Mean Accuracy: 0.857 (0.060)


Running the example evaluates the RandomForest with mean satistical imputation on the dataset.

In this case, the pipeline achieved an estimated accuracy of about 85%.

# Model with a Binary Flag for Missing Values

It's possible that knowledge of whether a rown containing missing values or not could be useful to the model when making a prediction. To let the model know, provide an additional column that is a binary flag indicating whether the row had a missing value or not. (0: doesn't contain a missing value, 1: contains a missing value which was or will be imputed).

In [28]:
print(X.shape)
a = X.sum(axis=1)
a[~np.isnan(a)] = 0
a[np.isnan(a)] = 0
a[np.isnan(a)] = 1
a = a.reshape(len(a), 1)
X = np.hstack((X, a))
print(X.shape)

(300, 27)
(300, 28)


The first print statement reports the number of rows and columns from the imported dataset as expected.

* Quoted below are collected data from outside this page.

lemma abs_convM_le:
  assumes "f \<in> borel_measurable borel" "\<And>x. \<bar>f x\<bar> \<le> B"
  shows "\<bar>convM Delta gamma lam nu f x\<bar> \<le> B * exp (2 * lam * Delta)"
proof -
  have "\<bar>\<Sum>k. (- Delta) ^ k / fact k * conv_Q f k (x - gamma * Delta)\<bar>
      \<le> (\<Sum>k. B * ((Delta * lam) ^ k / fact k))"
    using norm_suminf_le[of "\<lambda>k. (- Delta) ^ k / fact k * conv_Q f k (x - gamma * Delta)"
        "\<lambda>k. B * ((Delta * lam) ^ k / fact k)"] convM_term_bound[OF assms]
      summable_mult[OF summable_exp_series]
    by simp
  also have "\<dots> = B * (\<Sum>k. (Delta * lam) ^ k / fact k)"
    by (rule suminf_mult[OF summable_exp_series])
  also have "\<dots> = B * exp (Delta * lam)"
    using exp_series_sums by (simp add: sums_iff)
  finally have "exp (lam * Delta) * \<bar>\<Sum>k. (- Delta) ^ k / fact k * conv_Q f k (x - gamma * Delta)\<bar>
      \<le> exp (lam * Delta) * (B * exp (lam * Delta))"
    by (simp add: mult.commute)
  also have "\<dots> = B * exp (2 * lam * Delta)"
    by (simp add: mult_exp_exp)
  finally show ?thesis
    unfolding convM_eq_conv_Q[OF assms(1)] by (simp add: abs_mult)
qed

lemma measurable_convM [measurable]:
  assumes "f \<in> borel_measurable borel" "\<And>x. \<bar>f x\<bar> \<le> B"
  shows "convM Delta gamma lam nu f \<in> borel_measurable borel"
proof (rule borel_measurable_LIMSEQ_real)
  show "(\<lambda>n. exp (lam * Delta) * (\<Sum>k<n. (- Delta) ^ k / fact k * conv_Q f k (x - gamma * Delta)))
      \<longlonglongrightarrow> convM Delta gamma lam nu f x" for x
    unfolding convM_eq_conv_Q[OF assms(1)]
    by (intro tendsto_mult_left summable_LIMSEQ summable_convM_series[OF assms])
qed (use assms(1) in measurable)

lemma convM_tendsto:
  assumes [measurable]: "\<And>n. f n \<in> borel_measurable borel" "g \<in> borel_measurable borel"
    and bound: "\<And>n x. \<bar>f n x\<bar> \<le> B" and lim: "\<And>x. (\<lambda>n. f n x) \<longlonglongrightarrow> g x"
  shows "(\<lambda>n. convM Delta gamma lam nu (f n) x) \<longlonglongrightarrow> convM Delta gamma lam nu g x"
proof -
  have conv_Q_tendsto: "(\<lambda>n. conv_Q (f n) k y) \<longlonglongrightarrow> conv_Q g k y" for k y
    unfolding conv_Q_def
    by (rule integral_dominated_convergence[where w="\<lambda>_. B"])
      (use bound lim finite_measure.integrable_const[OF finite_Q] in auto)
  have "(\<lambda>n. \<Sum>k. (- Delta) ^ k / fact k * conv_Q (f n) k (x - gamma * Delta))
      \<longlonglongrightarrow> (\<Sum>k. (- Delta) ^ k / fact k * conv_Q g k (x - gamma * Delta))"
  proof (rule tannerys_theorem[where M="\<lambda>k. B * ((Delta * lam) ^ k / fact k)", THEN conjunct2, THEN conjunct2])
    show "\<forall>\<^sub>F (k, n) in at_top \<times>\<^sub>F sequentially.
        norm ((- Delta) ^ k / fact k * conv_Q (f n) k (x - gamma * Delta)) \<le> B * ((Delta * lam) ^ k / fact k)"
      using convM_term_bound[OF _ bound] by (intro always_eventually) auto
    show "(\<lambda>n. (- Delta) ^ k / fact k * conv_Q (f n) k (x - gamma * Delta))
        \<longlonglongrightarrow> (- Delta) ^ k / fact k * conv_Q g k (x - gamma * Delta)" for k
      by (intro tendsto_mult_left conv_Q_tendsto)
  qed (use summable_mult[OF summable_exp_series] in auto)
  then show ?thesis
    unfolding convM_eq_conv_Q[OF assms(1)] convM_eq_conv_Q[OF assms(2)] by (rule tendsto_mult_left)
qed

lemma integral_conv_Q:
  assumes "f \<in> borel_measurable borel" "\<And>x. \<bar>f x\<bar> \<le> B"
  shows "(\<integral>z. conv_Q f k z \<partial>Q l) = (\<integral>y. f y \<partial>Q (l + k))"
  using integral_convolution[OF finite_Q sets_conv_pow finite_Q sets_conv_pow assms, of l k]
  by (simp add: conv_Q_def conv_pow_add[OF finite_nu sets_nu])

The second print statement includes the new binary variable indicating whether a row contains a missing value is created and added to the end of the input variables. Confirming the addition of the feature, from 27 to 28 columns.

Now we can evaluate the model as we did earlier on with the additional binary flag and see if it impacts model performance.

In [29]:
cv = RepeatedStratifiedKFold(n_splits=10, n_repeats=3, random_state=1)
scores = cross_val_score(pipeline, X, y, scoring='accuracy', cv=cv, n_jobs=-1)
print(f'Mean Accuracy: {np.mean(scores)}, {np.std(scores)}')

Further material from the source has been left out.